Because we were interested in exploring differential responses of different cell types/states to different types of gene duplication, we calculated a “paralogue expression retention” (PER) index, defined as the number of pairs expressing both paralogues in a given RCC divided by the number of pairs with at least one paralogue expressed in the RCC, and compared this value across RCCs for all pairs except those for which both paralogues were classified as RCC-u. There was considerable variation in PER by both RCC and duplication type, with WGD and older transposed duplicate pairs showing higher rates of paralogue retention (Figure 10A-B). Variation in PER across RCCs was likely due, in part, to differences in sequencing depth per RCC (RCCs with fewer total reads are more susceptible to dropout). On the assumption that sequencing depth has the same relative effect on PER for different duplication mechanisms in all RCCs, we adjusted for differences in sequencing depth by calculating the differential retention ratio, PERwgd/PERssd for each RCC. Because of our specific interest in the alpha WGD we also calculated PERalpha/PERtandem (Figure 10C). These two ratios were similar (Figure 10D). Variation across RCCs is likely due to differences in cell biology that reflect the degree to which the genes whose expression comprises the transcriptome are dosage sensitive; higher PER of WGD pairs is expected given their greater representation among dosage sensitive gene families (Tasdighian et al., 2017; Qiao et al., 2019).
DISCUSSION
The primary goal of this study was to explore how knowledge of gene expression at the single cell level can elucidate the process of evolution following polyploidy, with a secondary emphasis on single gene duplications. The basic premise is simply an extension of the justification for all single cell biology: that the cell is a more basic level of organization than tissues or organs, and that aggregating different cell types and cell states in any analysis obscures patterns that may be of interest (e.g., Efroni and Birnbaum, 2016; Libault et al., 2017). This is by no means a new idea, but it has not been applied to polyploidy, with the notable exception of the elegant and extensive work on cotton fibers, which are single cells of great economic importance and an excellent system for studying development at the cellular level (Shi et al., 2006; Gou et al., 2007; Taliercio and Boykin, 2007; Hovav et al., 2008a, b; Al-Ghazi et al., 2009; Rapp et al., 2010; Wang et al., 2010; Nigam et al., 2014; Yoo and Wendel, 2014; Hu et al., 2015; Tuttle et al., 2015; Bao et al., 2019; Gallagher et al., 2020). The recent spate of papers on Arabidopsis root biology at single cell resolution (Jean-Baptiste et al., 2019; Ryu et al., 2019; Shulse et al., 2019; Denyer et al., 2019; Zhang et al., 2019) provides comparable information from individual cells (rather than pooled cells) from multiple cell types and their developmental states. Coupled with the longstanding interest in the polyploid nature of the Arabidopsis genome that has led to the classification of its duplicated genes by mechanism of duplication (e.g., Wang et al., 2013; Hao et al., 2018; Qiao et al., 2019), this has provided us with the opportunity to explore the evolution of gene expression in over 11,000 paralogous pairs at a finer scale than has previously been reported. We observed numerous cases of greatly biased paralogue expression among cell types and states of the root, in several cases involving alternate bias of the two paralogues (Figure 5–7). We identified over 7,000 genes ubiquitously expressed in root cells, which afforded us strong hypotheses of ancestral expression, and allowed us to infer extensive expression shifts since paralogue or homoeologue divergence.

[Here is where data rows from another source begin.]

lemma indep_cols_extend:
  fixes ts :: "'a::{finite,field} vec list"
  shows "indep_cols n ts \<Longrightarrow> set ts \<subseteq> carrier_vec n \<Longrightarrow> length ts \<le> n \<Longrightarrow>
    \<exists>us. set us \<subseteq> carrier_vec n \<and> length (ts @ us) = n \<and> indep_cols n (ts @ us)"
proof (induction "n - length ts" arbitrary: ts)
  case 0
  then show ?case by (intro exI[of _ "[]"]) simp
next
  case (Suc m)
  let ?q = "card (UNIV :: 'a set)"
  have lt: "length ts < n" using Suc.hyps by simp
  have "?q ^ length ts < ?q ^ n" using two_le_card_field[where 'a='a] lt by (intro power_strict_increasing) auto
  then have "card (col_span n ts) < card (carrier_vec n :: 'a vec set)"
    using card_col_span[OF Suc.prems(1)] card_carrier_vec[where 'a='a] by simp
  moreover have "card (carrier_vec n :: 'a vec set) \<le> card (col_span n ts)"
    if "carrier_vec n \<subseteq> col_span n ts"
    using that by (rule card_mono[OF finite_subset[OF col_span_carrier finite_carrier_vec]])
  ultimately obtain v where v: "v \<in> carrier_vec n" "v \<notin> col_span n ts"
    by fastforce
  have "indep_cols n (ts @ [v])" using indep_cols_snoc_iff[OF v(1)] Suc.prems v by simp
  moreover have "m = n - length (ts @ [v])" using Suc.hyps by simp
  ultimately obtain us where "set us \<subseteq> carrier_vec n" "length (ts @ [v] @ us) = n" "indep_cols n (ts @ [v] @ us)"
    using Suc.hyps(1)[of "ts @ [v]"] Suc.prems v lt by auto
  then show ?case by (intro exI[of _ "v # us"]) (simp add: v)
qed

section \<open>Invertible matrices\<close>

lemma GLn_iff:
  "A \<in> GLn n \<longleftrightarrow> A \<in> carrier_mat n n \<and> (\<exists>B \<in> carrier_mat n n. A * B = 1\<^sub>m n \<and> B * A = 1\<^sub>m n)"
proof
  assume "A \<in> GLn n"
  then have A: "A \<in> carrier_mat n n" and "invertible_mat A" unfolding GLn_def by auto
  then obtain B where AB: "A * B = 1\<^sub>m n" and BA: "B * A = 1\<^sub>m (dim_row B)"
    unfolding invertible_mat_def inverts_mat_def by auto
  have "dim_row B = n" using arg_cong[OF BA, of dim_col] A by simp
  moreover have "dim_col B = n" using arg_cong[OF AB, of dim_col] by simp
  ultimately show "A \<in> carrier_mat n n \<and> (\<exists>B \<in> carrier_mat n n. A * B = 1\<^sub>m n \<and> B * A = 1\<^sub>m n)"
    using A AB BA by auto
next
  assume "A \<in> carrier_mat n n \<and> (\<exists>B \<in> carrier_mat n n. A * B = 1\<^sub>m n \<and> B * A = 1\<^sub>m n)"
  then show "A \<in> GLn n"
    unfolding GLn_def invertible_mat_def inverts_mat_def square_mat.simps by auto
qed

lemma GLn_iff_det: "A \<in> GLn n \<longleftrightarrow> A \<in> carrier_mat n n \<and> det A \<noteq> (0 :: 'a::{finite,field})"
proof
  assume "A \<in> GLn n"
  then obtain B where A: "A \<in> carrier_mat n n" and B: "B \<in> carrier_mat n n" and "A * B = 1\<^sub>m n"
    unfolding GLn_iff by blast
  then have "det A * det B = 1" using det_mult[OF A B] by simp
  then show "A \<in> carrier_mat n n \<and> det A \<noteq> 0" using A by auto
next
  assume A: "A \<in> carrier_mat n n \<and> det A \<noteq> 0"
  then have "A \<in> Units (ring_mat TYPE('a) n undefined)" by (intro det_non_zero_imp_unit) auto
  then show "A \<in> GLn n" unfolding GLn_iff Units_def ring_mat_def by auto
qed

lemma GLn_carrier: "A \<in> GLn n \<Longrightarrow> A \<in> carrier_mat n n"
  unfolding GLn_def by simp

lemma finite_GLn: "finite (GLn n :: 'a::{finite,field} mat set)"
  by (rule finite_subset[OF _ finite_carrier_mat[of n n]]) (auto simp: GLn_def)

lemma one_GLn: "1\<^sub>m n \<in> GLn n"
  unfolding GLn_iff by auto

lemma GLn_mult: "A \<in> GLn n \<Longrightarrow> B \<in> GLn n \<Longrightarrow> A * B \<in> GLn n"
  by (auto simp: GLn_iff_det det_mult)

lemma ginv_inverse:
  fixes A :: "'a::{finite,field} mat"
  assumes "A \<in> GLn n"
  shows "ginv n A \<in> carrier_mat n n" "A * ginv n A = 1\<^sub>m n" "ginv n A * A = 1\<^sub>m n"
proof -
  obtain B where A: "A \<in> carrier_mat n n" and B: "B \<in> carrier_mat n n"
    and AB: "A * B = 1\<^sub>m n" and BA: "B * A = 1\<^sub>m n"
    using assms unfolding GLn_iff by blast
  have "ginv n A = B" unfolding ginv_def
  proof (rule the_equality)
    fix B' assume "B' \<in> carrier_mat n n \<and> A * B' = 1\<^sub>m n \<and> B' * A = 1\<^sub>m n"
    then have B': "B' \<in> carrier_mat n n" and AB': "A * B' = 1\<^sub>m n" by auto
    have "B' = (B * A) * B'" using BA B' by simp
    also have "\<dots> = B * (A * B')" by (rule assoc_mult_mat[OF B A B'])
    also have "\<dots> = B" using B AB' by simp
    finally show "B' = B" .
  qed (use B AB BA in simp)
  then show "ginv n A \<in> carrier_mat n n" "A * ginv n A = 1\<^sub>m n" "ginv n A * A = 1\<^sub>m n"
    using B AB BA by simp_all
qed

lemma ginv_GLn: "A \<in> GLn n \<Longrightarrow> ginv n A \<in> GLn n"
  unfolding GLn_iff[of "ginv n A"] using ginv_inverse GLn_carrier by blast

lemma ginv_ginv:
  assumes A: "A \<in> GLn n"
  shows "ginv n (ginv n A) = A"
proof -
  note Ai = ginv_inverse[OF A] and Aii = ginv_inverse[OF ginv_GLn[OF A]]
  have "ginv n (ginv n A) = ginv n (ginv n A) * (ginv n A * A)" using Aii(1) Ai(3) by simp
  also have "\<dots> = A"
    using assoc_mult_mat[OF Aii(1) Ai(1) GLn_carrier[OF A]] Aii(3) GLn_carrier[OF A] by simp
  finally show ?thesis .
qed
lemma arrows_Bgraph_pad_first:
  assumes "\<And>i j. 1 \<le> i \<Longrightarrow> i \<le> j \<Longrightarrow> j \<le> k \<Longrightarrow> l j \<le> l i"
  shows "arrows (Bgraph (k + r) (pad_first l r)) (matching (Suc r)) (Bgraph k l)"
  unfolding arrows_def
proof
  fix c :: "bvert set \<Rightarrow> bool"
  let ?H = "Bgraph (k + r) (pad_first l r)"
  have "rows_dominate {1..k + r} (pad_first l r) (pad_first l r) (k + r)"
    unfolding rows_dominate_def by (intro exI[of _ id]) auto
  then have "contains_copy {e \<in> ?H. c e} (matching (Suc r))"
    if "\<not> contains_copy {e \<in> ?H. \<not> c e} (Bgraph k l)"
    using red_matching_in_Bgraph_on[OF assms that]
    unfolding Bgraph_eq_Bgraph_on by simp
  then show "contains_copy {e \<in> ?H. c e} (matching (Suc r)) \<or> contains_copy {e \<in> ?H. \<not> c e} (Bgraph k l)"
    by blast
qed

lemma size_ramsey_matching_Bgraph:
  assumes "1 \<le> k" and mono: "\<And>i j. 1 \<le> i \<Longrightarrow> i \<le> j \<Longrightarrow> j \<le> k \<Longrightarrow> l j \<le> l i"
  shows "r * (k + l 1) + (k * k + (\<Sum>i=1..k. l i)) \<le> size_ramsey (matching (Suc r)) (Bgraph k l)"
    and "size_ramsey (matching (Suc r)) (Bgraph k l) \<le> (k + r) * (k + r) + r * l 1 + (\<Sum>i=1..k. l i)"
proof -
  let ?host = "Bgraph (k + r) (pad_first l r)"
  have host: "is_graph ?host" "arrows ?host (matching (Suc r)) (Bgraph k l)"
    using arrows_Bgraph_pad_first[OF mono] by (simp_all add: is_graph_Bgraph_on Bgraph_eq_Bgraph_on)
  have "degree (Bgraph k l) (PA 1) = k + l 1" "card (Bgraph k l) = k * k + (\<Sum>i=1..k. l i)"
    using assms(1) unfolding Bgraph_eq_Bgraph_on by (simp_all add: degree_Bgraph_on_PA card_Bgraph_on)
  then show "r * (k + l 1) + (k * k + (\<Sum>i=1..k. l i)) \<le> size_ramsey (matching (Suc r)) (Bgraph k l)"
    using size_ramsey_matching_ge[OF host, of "PA 1"] by simp
  have "card ?host = (k + r) * (k + r) + r * l 1 + (\<Sum>i=1..k. l i)"
    unfolding Bgraph_eq_Bgraph_on
    using sum_pad_first[where k = k and r = r and l = l] by (simp add: card_Bgraph_on)
  then show "size_ramsey (matching (Suc r)) (Bgraph k l) \<le> (k + r) * (k + r) + r * l 1 + (\<Sum>i=1..k. l i)"
    using size_ramsey_le[OF host] by simp
qed

theorem proposition3p3:
  fixes k t :: nat and l :: "nat \<Rightarrow> nat" and n :: int
  assumes "k \<ge> 2"
    and "\<And>i j. 1 \<le> i \<Longrightarrow> i \<le> j \<Longrightarrow> j \<le> k \<Longrightarrow> l j \<le> l i"
    and "n = 2 * int k + (\<Sum>i=1..k. int (l i))"
    and "t \<ge> 1"
  shows "(int t - 1) * (int k + int (l 1)) + n + int k * (int k - 2)
           \<le> int (size_ramsey (matching t) (Bgraph k l))
       \<and> int (size_ramsey (matching t) (Bgraph k l))
           \<le> n + (int t - 1) * int (l 1) + (int k + int t - 1)^2 - 2 * int k"
proof -
  obtain r where t: "t = Suc r"
    using assms(4) by (cases t) auto
  define S where "S = (\<Sum>i=1..k. l i)"
  define R where "R = size_ramsey (matching t) (Bgraph k l)"
  have "int (r * (k + l 1) + (k * k + S)) \<le> int R"
    "int R \<le> int ((k + r) * (k + r) + r * l 1 + S)"
    using size_ramsey_matching_Bgraph[of k l r] assms(1,2)
    unfolding t R_def S_def of_nat_le_iff by simp_all
  moreover have "int t - 1 = int r" "n = 2 * int k + int S"
    using t assms(3) unfolding S_def by simp_all
  ultimately show ?thesis
    unfolding R_def[symmetric] by (simp add: algebra_simps power2_eq_square)
qed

There are two perspectives to consider concerning the response to genome duplication: that of the cell and that of the gene. From the standpoint of the cell, the issue is one of function—how does a cell type, optimized functionally in the course of hundreds of millions of years of evolution, adjust to the opportunities and challenges of having its gene repertoire suddenly duplicated? Arabidopsis allows us to address this question after millions of years of evolution during which the genome has fractionated, retaining only a subset of its genes (e.g., Cheng et al., 2018; Emery et al., 2018; Liang and Schnable, 2018). How are these retained duplicates deployed in a given cell type? In contrast to the work on cotton fibers, the Arabidopsis root single cell transcriptome data provide us with 36 cell clusters comprising several cell types with up to several states each. Do all root cell types respond similarly in terms of degree to which they deploy genes that remain duplicated?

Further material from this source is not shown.